● **EXERCISE**: The lines wanted are those in the data below that include "where".
────────────────────
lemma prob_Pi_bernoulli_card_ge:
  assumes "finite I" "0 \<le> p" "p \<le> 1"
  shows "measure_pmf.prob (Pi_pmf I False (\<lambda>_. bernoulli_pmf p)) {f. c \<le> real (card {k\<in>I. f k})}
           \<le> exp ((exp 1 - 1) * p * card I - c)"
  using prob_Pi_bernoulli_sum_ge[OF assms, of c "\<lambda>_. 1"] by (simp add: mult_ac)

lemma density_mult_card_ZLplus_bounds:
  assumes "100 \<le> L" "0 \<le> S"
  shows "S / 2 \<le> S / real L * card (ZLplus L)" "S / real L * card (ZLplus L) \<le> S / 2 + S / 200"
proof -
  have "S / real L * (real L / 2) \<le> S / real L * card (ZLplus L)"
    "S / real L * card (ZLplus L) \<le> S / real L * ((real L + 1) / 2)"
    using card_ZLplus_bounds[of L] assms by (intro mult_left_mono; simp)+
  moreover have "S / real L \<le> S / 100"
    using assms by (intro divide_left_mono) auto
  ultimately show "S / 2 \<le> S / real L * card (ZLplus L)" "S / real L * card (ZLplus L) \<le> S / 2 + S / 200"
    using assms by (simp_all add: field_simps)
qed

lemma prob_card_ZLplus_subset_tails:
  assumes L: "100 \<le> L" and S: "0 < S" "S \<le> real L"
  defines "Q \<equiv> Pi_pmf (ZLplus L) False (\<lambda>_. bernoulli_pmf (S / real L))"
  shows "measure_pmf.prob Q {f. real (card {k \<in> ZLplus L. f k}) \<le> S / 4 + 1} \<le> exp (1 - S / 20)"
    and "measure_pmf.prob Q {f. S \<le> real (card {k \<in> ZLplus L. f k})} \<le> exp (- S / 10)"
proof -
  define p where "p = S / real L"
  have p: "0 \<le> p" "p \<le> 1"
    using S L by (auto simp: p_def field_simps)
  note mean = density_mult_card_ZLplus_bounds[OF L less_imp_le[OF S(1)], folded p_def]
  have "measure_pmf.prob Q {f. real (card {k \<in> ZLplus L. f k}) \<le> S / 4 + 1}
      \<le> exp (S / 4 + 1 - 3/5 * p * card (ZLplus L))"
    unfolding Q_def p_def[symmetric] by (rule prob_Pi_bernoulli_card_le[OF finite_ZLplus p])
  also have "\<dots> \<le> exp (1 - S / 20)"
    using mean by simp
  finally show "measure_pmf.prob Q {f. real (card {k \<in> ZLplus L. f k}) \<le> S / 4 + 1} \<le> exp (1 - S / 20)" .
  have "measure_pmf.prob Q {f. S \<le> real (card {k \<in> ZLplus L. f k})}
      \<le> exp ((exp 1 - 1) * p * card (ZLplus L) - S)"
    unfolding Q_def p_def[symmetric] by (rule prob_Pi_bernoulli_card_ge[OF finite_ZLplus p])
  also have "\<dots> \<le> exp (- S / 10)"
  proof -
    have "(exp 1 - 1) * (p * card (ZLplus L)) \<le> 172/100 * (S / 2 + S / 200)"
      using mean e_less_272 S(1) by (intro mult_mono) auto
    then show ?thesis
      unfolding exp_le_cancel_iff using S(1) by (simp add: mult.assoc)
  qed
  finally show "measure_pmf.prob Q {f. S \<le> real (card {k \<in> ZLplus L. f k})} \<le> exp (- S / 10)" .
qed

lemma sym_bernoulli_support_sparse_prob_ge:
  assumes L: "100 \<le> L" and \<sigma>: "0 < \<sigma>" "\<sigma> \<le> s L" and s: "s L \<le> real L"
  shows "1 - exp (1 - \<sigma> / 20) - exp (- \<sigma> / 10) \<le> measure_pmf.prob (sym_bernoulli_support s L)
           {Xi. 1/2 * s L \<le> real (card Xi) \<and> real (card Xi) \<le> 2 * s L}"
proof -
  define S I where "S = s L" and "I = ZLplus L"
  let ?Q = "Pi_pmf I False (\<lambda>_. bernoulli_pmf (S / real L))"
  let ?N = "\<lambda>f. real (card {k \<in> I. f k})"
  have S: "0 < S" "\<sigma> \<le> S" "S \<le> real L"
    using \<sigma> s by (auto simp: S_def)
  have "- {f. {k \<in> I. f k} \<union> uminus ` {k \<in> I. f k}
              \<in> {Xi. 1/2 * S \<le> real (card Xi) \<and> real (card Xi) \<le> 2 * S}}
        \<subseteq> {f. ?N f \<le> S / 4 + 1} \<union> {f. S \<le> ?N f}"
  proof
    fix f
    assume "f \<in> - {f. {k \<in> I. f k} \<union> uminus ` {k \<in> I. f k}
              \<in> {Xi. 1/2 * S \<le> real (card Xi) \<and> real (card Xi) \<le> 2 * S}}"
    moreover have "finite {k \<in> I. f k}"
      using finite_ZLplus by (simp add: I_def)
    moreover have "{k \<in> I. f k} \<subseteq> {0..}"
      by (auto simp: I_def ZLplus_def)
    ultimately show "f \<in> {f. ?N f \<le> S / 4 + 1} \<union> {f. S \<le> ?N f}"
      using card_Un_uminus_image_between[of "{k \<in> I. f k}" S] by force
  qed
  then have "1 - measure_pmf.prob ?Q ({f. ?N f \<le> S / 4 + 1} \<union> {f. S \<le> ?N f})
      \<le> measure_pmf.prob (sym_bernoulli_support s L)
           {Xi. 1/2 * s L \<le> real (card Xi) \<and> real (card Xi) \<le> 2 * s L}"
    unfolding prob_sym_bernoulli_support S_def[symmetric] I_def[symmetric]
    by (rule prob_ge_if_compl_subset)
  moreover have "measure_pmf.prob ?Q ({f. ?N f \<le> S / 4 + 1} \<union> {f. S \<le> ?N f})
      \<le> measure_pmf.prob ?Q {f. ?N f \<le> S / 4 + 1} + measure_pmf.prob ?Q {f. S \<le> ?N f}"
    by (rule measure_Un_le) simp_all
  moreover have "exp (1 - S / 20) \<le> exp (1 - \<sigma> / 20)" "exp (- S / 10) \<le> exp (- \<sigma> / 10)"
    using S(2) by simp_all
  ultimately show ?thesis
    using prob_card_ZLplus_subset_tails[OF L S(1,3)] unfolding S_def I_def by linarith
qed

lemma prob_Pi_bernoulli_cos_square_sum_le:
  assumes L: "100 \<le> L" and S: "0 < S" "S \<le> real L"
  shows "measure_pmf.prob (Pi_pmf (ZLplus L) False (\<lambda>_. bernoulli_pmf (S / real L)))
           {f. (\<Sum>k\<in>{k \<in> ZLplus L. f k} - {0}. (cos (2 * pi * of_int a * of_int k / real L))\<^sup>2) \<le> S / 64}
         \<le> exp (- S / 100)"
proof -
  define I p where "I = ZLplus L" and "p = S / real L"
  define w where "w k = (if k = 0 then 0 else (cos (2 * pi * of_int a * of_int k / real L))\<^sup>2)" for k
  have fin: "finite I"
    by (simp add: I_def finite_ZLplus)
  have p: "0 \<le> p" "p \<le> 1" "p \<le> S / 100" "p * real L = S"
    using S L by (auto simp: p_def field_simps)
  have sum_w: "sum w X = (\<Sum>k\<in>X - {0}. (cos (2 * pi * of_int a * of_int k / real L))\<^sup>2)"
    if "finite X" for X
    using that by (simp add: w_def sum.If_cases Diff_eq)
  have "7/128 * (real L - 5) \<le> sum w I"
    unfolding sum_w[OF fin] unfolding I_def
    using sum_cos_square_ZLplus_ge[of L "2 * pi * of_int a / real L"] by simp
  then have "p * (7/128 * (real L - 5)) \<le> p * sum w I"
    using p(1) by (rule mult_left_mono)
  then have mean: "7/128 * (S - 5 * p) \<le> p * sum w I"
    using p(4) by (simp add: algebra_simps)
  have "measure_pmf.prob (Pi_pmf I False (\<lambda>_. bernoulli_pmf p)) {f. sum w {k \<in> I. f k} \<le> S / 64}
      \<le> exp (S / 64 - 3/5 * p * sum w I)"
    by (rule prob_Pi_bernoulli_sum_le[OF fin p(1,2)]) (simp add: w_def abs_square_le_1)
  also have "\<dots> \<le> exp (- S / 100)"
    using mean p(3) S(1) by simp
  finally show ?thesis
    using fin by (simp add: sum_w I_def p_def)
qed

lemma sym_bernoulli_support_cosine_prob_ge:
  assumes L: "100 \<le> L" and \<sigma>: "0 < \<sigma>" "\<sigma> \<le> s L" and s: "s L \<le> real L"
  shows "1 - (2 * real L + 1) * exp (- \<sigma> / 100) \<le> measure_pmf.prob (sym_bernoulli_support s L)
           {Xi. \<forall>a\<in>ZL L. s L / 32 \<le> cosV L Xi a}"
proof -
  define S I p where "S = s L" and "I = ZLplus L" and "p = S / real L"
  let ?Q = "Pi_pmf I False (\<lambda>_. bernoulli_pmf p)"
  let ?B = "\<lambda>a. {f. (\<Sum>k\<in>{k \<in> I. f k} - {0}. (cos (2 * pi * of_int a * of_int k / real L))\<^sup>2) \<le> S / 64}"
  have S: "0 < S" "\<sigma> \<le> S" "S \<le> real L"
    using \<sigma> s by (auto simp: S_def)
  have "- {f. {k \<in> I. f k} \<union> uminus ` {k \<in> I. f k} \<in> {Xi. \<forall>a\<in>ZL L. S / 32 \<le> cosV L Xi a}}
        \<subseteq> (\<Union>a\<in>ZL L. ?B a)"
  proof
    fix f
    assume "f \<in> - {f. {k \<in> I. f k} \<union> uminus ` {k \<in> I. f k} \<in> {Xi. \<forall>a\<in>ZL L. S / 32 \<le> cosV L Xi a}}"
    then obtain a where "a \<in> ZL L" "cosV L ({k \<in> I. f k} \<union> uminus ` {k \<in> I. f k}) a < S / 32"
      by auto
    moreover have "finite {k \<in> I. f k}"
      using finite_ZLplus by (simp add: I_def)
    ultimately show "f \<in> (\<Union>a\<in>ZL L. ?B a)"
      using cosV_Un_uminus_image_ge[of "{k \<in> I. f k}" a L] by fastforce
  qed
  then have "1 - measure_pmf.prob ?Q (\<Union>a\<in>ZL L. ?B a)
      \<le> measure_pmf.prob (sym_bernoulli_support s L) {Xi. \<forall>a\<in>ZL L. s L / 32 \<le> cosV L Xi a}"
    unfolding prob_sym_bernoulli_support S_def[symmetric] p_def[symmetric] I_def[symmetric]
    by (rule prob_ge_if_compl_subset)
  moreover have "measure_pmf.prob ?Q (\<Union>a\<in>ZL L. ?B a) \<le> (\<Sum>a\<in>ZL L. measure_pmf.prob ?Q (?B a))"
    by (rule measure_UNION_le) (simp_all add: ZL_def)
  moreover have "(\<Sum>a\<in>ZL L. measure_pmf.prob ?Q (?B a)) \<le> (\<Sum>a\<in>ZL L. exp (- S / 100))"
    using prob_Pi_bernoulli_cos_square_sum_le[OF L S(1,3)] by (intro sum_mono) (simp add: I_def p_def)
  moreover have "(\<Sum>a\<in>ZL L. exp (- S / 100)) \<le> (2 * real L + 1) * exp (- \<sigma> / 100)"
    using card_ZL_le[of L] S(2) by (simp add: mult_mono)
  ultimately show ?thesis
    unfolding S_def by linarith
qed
────────────────────
● **SOLUTION FOR THIS PROBLEM**:
  define p where "p = S / real L"
  define S I where "S = s L" and "I = ZLplus L"
  define I p where "I = ZLplus L" and "p = S / real L"
  define w where "w k = (if k = 0 then 0 else (cos (2 * pi * of_int a * of_int k / real L))\<^sup>2)" for k
  define S I p where "S = s L" and "I = ZLplus L" and "p = S / real L"
    then obtain a where "a \<in> ZL L" "cosV L ({k \<in> I. f k} \<union> uminus ` {k \<in> I. f k}) a < S / 32"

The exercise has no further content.